How to start a small business without quitting your day job
Have you ever dreamed of starting a small business, but you don’t want to quit your regular job? The risk and uncertainties involved in quitting your job to run a start-up may not be for everyone. Despite this, it is not impossible to start that small business you have always dreamed of and keep your regular job.
The key is to be passionate about your small business enough to devote your free time to it, and enjoy it. It can become a source of extra income, but not take away from your steady salary.
An Example: Online Retail
One of my fellow accounting students runs his own online retail company, Nexus Racing, which sells parts for model racing cars. He has run this all throughout college, while doing well in a demanding major and working a part-time job.
In addition to earning money, by running his own company he probably gets more experience with programs like MS Excel which are used extensively by accountants, but not taught very well in our university. He also gets to fill interview time talking about the impressive fact that he runs a successful small business.
Smart Decisions
I think the key to his success is that this is a project that he enjoys devoting his free time to. Thanks to the internet, you can start your own online business that you can modify at night and on weekends, but will basically run itself when you aren’t around.
When it got to be too large for them to handle without cutting into their other obligations, he and his partner hired an employee instead of quitting school or skipping out on homework. If you want to start a small business without quitting your job, don’t be afraid to hire someone to do some work! It is probably a smarter investment for him to continue on his track to be a successful accountant than to give up on his education to work a job that he can pay someone minimum wage to do.

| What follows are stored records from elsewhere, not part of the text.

(* Fix $T>0$, a closed non-trivial rectangle $I\times J\subset(0,T]\times\mathbb R^k$ and an integer $d\ge1$. For all $N>0$, $b>0$, $\tilde\gamma>\gamma>0$ and $p>\frac{2d}{\gamma}(\tilde\gamma b-2k-4)$, there is a finite constant $C=C(I,J,N,b,\gamma,\tilde\gamma,p)>0$ such that for all $a\in[0,N]$, $$\int_Idt\int_Ids\int_Jdx\int_Jdy\,\big(|t-s|^{\tilde\gamma/2}+\|x-y\|^{\tilde\gamma}\big)^{-b/2}\Big(\frac{|t-s|^{\gamma/4}+\|x-y\|^{\gamma/2}}{a}\wedge1\Big)^{p/(2d)}\le C\,K_{\frac{\tilde\gamma}{\gamma}b-\frac{4+2k}{\gamma}}(a),$$ provided the constant $N_0$ in the definition of $K_0$ is sufficiently large.
   Context: For $\alpha\in\mathbb R$ and $r>0$: $K_\alpha(r)=r^{-\alpha}$ if $\alpha>0$; $K_0(r)=\log(N_0/r)$ for a constant $N_0$; $K_\alpha(r)=1$ if $\alpha<0$ (with $K_\alpha(0)=+\infty$ for $\alpha\ge0$). A closed non-trivial rectangle is $I\times J$ with $I\subset(0,T]$ a closed non-degenerate interval and $J=\prod_{i=1}^k[a_i,b_i]$, $a_i<b_i$. Norms are Euclidean. *)

theory Defs
  imports "HOL-Analysis.Analysis"
begin

definition Kfun :: "real \<Rightarrow> real \<Rightarrow> real \<Rightarrow> ennreal" where
  "Kfun N0 \<alpha> r =
     (if \<alpha> > 0 then (if r = 0 then \<infinity> else ennreal (r powr (-\<alpha>)))
      else if \<alpha> = 0 then (if r = 0 then \<infinity> else ennreal (ln (N0 / r)))
      else 1)"

text \<open>The truncation (u / a) \<and> 1, with the convention u/0 = +infinity, so the value is 1 when a = 0.\<close>
definition trunc_ratio :: "real \<Rightarrow> real \<Rightarrow> real" where
  "trunc_ratio u a = (if a = 0 then 1 else min (u / a) 1)"

definition integrand ::
  "real \<Rightarrow> real \<Rightarrow> real \<Rightarrow> nat \<Rightarrow> real \<Rightarrow> real \<Rightarrow> real \<Rightarrow> real \<Rightarrow> 'a::real_normed_vector \<Rightarrow> 'a \<Rightarrow> real" where
  "integrand b \<gamma> \<gamma>' d p a t s x y =
     (\<bar>t - s\<bar> powr (\<gamma>' / 2) + norm (x - y) powr \<gamma>') powr (- b / 2) *
     (trunc_ratio (\<bar>t - s\<bar> powr (\<gamma> / 4) + norm (x - y) powr (\<gamma> / 2)) a) powr (p / (2 * real d))"

end

theory Submission
  imports Defs
begin

text \<open>
  Write \<open>\<rho> = max (sqrt |t - s|) |x - y|\<close> for the parabolic distance and
  \<open>n = k + 2\<close> for the parabolic dimension.  Off the diagonal the integrand is at most
  \<open>\<rho>^-\<beta> T^q\<close> with \<open>\<beta> = \<gamma>' b / 2\<close>, \<open>q = p / (2 d)\<close>, where the truncation \<open>T\<close> is comparable to
  \<open>min (\<rho>^(\<gamma>/2) / a) 1\<close>; the hypothesis on \<open>p\<close> says exactly \<open>m = \<gamma> q / 2 > \<beta> - n\<close>.
  All bounds obtained this way are powers of \<open>\<rho>\<close>, and a power of \<open>\<rho>\<close> is dominated by a
  scaled tensor \<open>\<phi>((t-s)/r\<^sup>2) \<Prod>\<^sub>i \<phi>((x-y)\<^sub>i/r)\<close> of a one-dimensional profile
  \<open>\<phi> w = min |w|^-e1 |w|^-e2\<close>.  Tensors integrate by Fubini and rescaling: the fourfold integral
  of a finite sum of tensors is at most \<open>|I| |J| \<Sigma> c r^n (\<integral>\<phi>)^(k+1)\<close>.  The sign of
  \<open>\<alpha> = 2 (\<beta> - n) / \<gamma>\<close> then decides the estimate: for \<open>\<alpha> < 0\<close> one local tensor at the scale of
  the domain gives a constant; for \<open>\<alpha> > 0\<close> one tensor at the switching scale
  \<open>\<rho>0 = (a/2)^(2/\<gamma>)\<close> gives \<open>\<rho>0^(n-\<beta>) \<sim> a^-\<alpha>\<close>; for \<open>\<alpha> = 0\<close> each dyadic shell between \<open>\<rho>0\<close>
  and the diameter contributes \<open>O(1)\<close> and there are \<open>O(ln (N0/a))\<close> of them.
\<close>

definition minpow :: "real \<Rightarrow> real \<Rightarrow> real \<Rightarrow> ennreal" where
  "minpow e1 e2 w = (if w = 0 then \<infinity> else ennreal (min (\<bar>w\<bar> powr (-e1)) (\<bar>w\<bar> powr (-e2))))"

lemma minpow_measurable [measurable]: "minpow e1 e2 \<in> borel_measurable borel"
  unfolding minpow_def by measurable

lemma nn_integral_reflect:
  fixes G :: "real \<Rightarrow> ennreal"
  assumes [measurable]: "G \<in> borel_measurable borel"
  shows "(\<integral>\<^sup>+w. G (c - w) \<partial>lborel) = (\<integral>\<^sup>+w. G w \<partial>lborel)"
  using nn_integral_real_affine[OF assms, of "-1" c] by simp

lemma nn_integral_rescale:
  fixes G :: "real \<Rightarrow> ennreal"
  assumes [measurable]: "G \<in> borel_measurable borel" and "l > 0"
  shows "(\<integral>\<^sup>+w. G (w / l) \<partial>lborel) = ennreal l * (\<integral>\<^sup>+w. G w \<partial>lborel)"
  using nn_integral_real_affine[of "\<lambda>w. G (w / l)" l 0] assms by simp

lemma nn_integral_powr_near_0:
  assumes "e < 1"
  shows "(\<integral>\<^sup>+w. ennreal (w powr (-e)) * indicator {0..1} w \<partial>lborel) = ennreal (1 / (1 - e))"
proof -
  have "((\<lambda>x. x powr (-e)) has_integral (1 powr (-e+1) / (-e+1))) {0..1}"
    by (rule has_integral_powr_from_0) (use assms in auto)
  from nn_integral_has_integral_lebesgue'[OF _ this] show ?thesis by simp
qed

lemma nn_integral_powr_at_top:
  assumes "e > 1"
  shows "(\<integral>\<^sup>+w. ennreal (w powr (-e)) * indicator {1..} w \<partial>lborel) = ennreal (1 / (e - 1))"
proof -
  have "((\<lambda>x. x powr (-e)) has_integral (-(1 powr (-e+1)) / (-e+1))) {1..}"
    by (rule has_integral_powr_to_inf) (use assms in auto)
  from nn_integral_has_integral_lebesgue'[OF _ this] show ?thesis
    using assms by (simp add: field_simps)
qed

lemma minpow_integrable:
  assumes "e1 < 1" "1 < e2"
  shows "(\<integral>\<^sup>+w. minpow e1 e2 w \<partial>lborel) < \<infinity>"
proof -
  define g where "g w = ennreal (w powr (-e1)) * indicator {0..1} w + ennreal (w powr (-e2)) * indicator {1..} w" for w
  have [measurable]: "g \<in> borel_measurable borel" unfolding g_def by measurable
  have "AE w in lborel. minpow e1 e2 w \<le> g w + g (0 - w)"
    using AE_lborel_singleton[of 0]
  proof eventually_elim
    case (elim w)
    then show ?case
      by (cases "\<bar>w\<bar> \<le> 1") (auto simp: minpow_def g_def abs_if indicator_def min.coboundedI1 min.coboundedI2)
  qed
  then have "(\<integral>\<^sup>+w. minpow e1 e2 w \<partial>lborel) \<le> (\<integral>\<^sup>+w. g w + g (0 - w) \<partial>lborel)"
    by (rule nn_integral_mono_AE)
  also have "\<dots> = 2 * (\<integral>\<^sup>+w. g w \<partial>lborel)"
    using nn_integral_reflect[of g 0] by (simp add: nn_integral_add mult_2)
  also have "(\<integral>\<^sup>+w. g w \<partial>lborel) = ennreal (1 / (1 - e1)) + ennreal (1 / (e2 - 1))"
    unfolding g_def using assms
    by (simp add: nn_integral_add nn_integral_powr_near_0 nn_integral_powr_at_top)
  finally show ?thesis
    by (rule le_less_trans) (simp add: ennreal_mult_less_top flip: ennreal_plus ennreal_mult)
qed

text \<open>A scaled tensor is the product of a profile evaluated
  at the time difference rescaled by \<open>r\<^sup>2\<close> and at every space coordinate rescaled by \<open>r\<close>;
  this is the parabolic scaling under which the integrand is homogeneous.\<close>
definition scaled_tensor :: "(real \<Rightarrow> ennreal) \<Rightarrow> real \<Rightarrow> real \<Rightarrow> 'a::euclidean_space \<Rightarrow> ennreal" where
  "scaled_tensor \<phi> r \<tau> \<xi> = \<phi> (\<tau> / r\<^sup>2) * (\<Prod>i\<in>Basis. \<phi> ((\<xi> \<bullet> i) / r))"

definition space_time_integral ::
  "real set \<Rightarrow> 'a::euclidean_space set \<Rightarrow> (real \<Rightarrow> real \<Rightarrow> 'a \<Rightarrow> 'a \<Rightarrow> ennreal) \<Rightarrow> ennreal" where
  "space_time_integral I A f =
     (\<integral>\<^sup>+t\<in>I. \<integral>\<^sup>+s\<in>I. \<integral>\<^sup>+x\<in>A. \<integral>\<^sup>+y\<in>A. f t s x y \<partial>lborel \<partial>lborel \<partial>lborel \<partial>lborel)"

lemma space_time_integral_mono:
  assumes "\<And>t s x y. t \<in> I \<Longrightarrow> s \<in> I \<Longrightarrow> x \<in> A \<Longrightarrow> y \<in> A \<Longrightarrow> f t s x y \<le> g t s x y"
  shows "space_time_integral I A f \<le> space_time_integral I A g"
  unfolding space_time_integral_def using assms
  by (intro nn_integral_mono) (auto split: split_indicator intro!: nn_integral_mono)

text \<open>Fubini over the coordinates of the space difference: each coordinate contributes \<open>r \<integral>\<phi>\<close>.\<close>
lemma scaled_tensor_integral:
  fixes x :: "'a::euclidean_space"
  assumes [measurable]: "\<phi> \<in> borel_measurable borel" and r: "r > 0"
  shows "(\<integral>\<^sup>+y. scaled_tensor \<phi> r \<tau> (x - y) \<partial>lborel)
       = \<phi> (\<tau> / r\<^sup>2) * (ennreal r * (\<integral>\<^sup>+w. \<phi> w \<partial>lborel)) ^ DIM('a)"
proof -
  have "(\<integral>\<^sup>+y. (\<Prod>i\<in>Basis. \<phi> (((x - y) \<bullet> i) / r)) \<partial>lborel)
      = (\<integral>\<^sup>+y. (\<Prod>i\<in>Basis. (\<lambda>i w. \<phi> ((x \<bullet> i - w) / r)) i (y \<bullet> i)) \<partial>lborel)"
    by (simp add: inner_diff_left)
  also have "\<dots> = (\<Prod>i\<in>(Basis::'a set). \<integral>\<^sup>+w. \<phi> ((x \<bullet> i - w) / r) \<partial>lborel)"
    by (rule nn_integral_lborel_prod) auto
  also have "\<dots> = (\<Prod>i\<in>(Basis::'a set). ennreal r * (\<integral>\<^sup>+w. \<phi> w \<partial>lborel))"
    using nn_integral_reflect[of "\<lambda>w. \<phi> (w / r)"] nn_integral_rescale[OF _ r] by simp
  finally show ?thesis
    unfolding scaled_tensor_def by (simp add: nn_integral_cmult)
qed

I have no idea how much money he makes from the website, and I might guess that a steady job as an accountant would pay more, but this guy is a great example of owning a company without giving up on working for someone else as well.
Another example:
- This 18-year-old started a business raising diary goats and selling shares in the herd to local people who want raw goat milk. He’s still going to high school, and plans to use the money he earns to pay for college.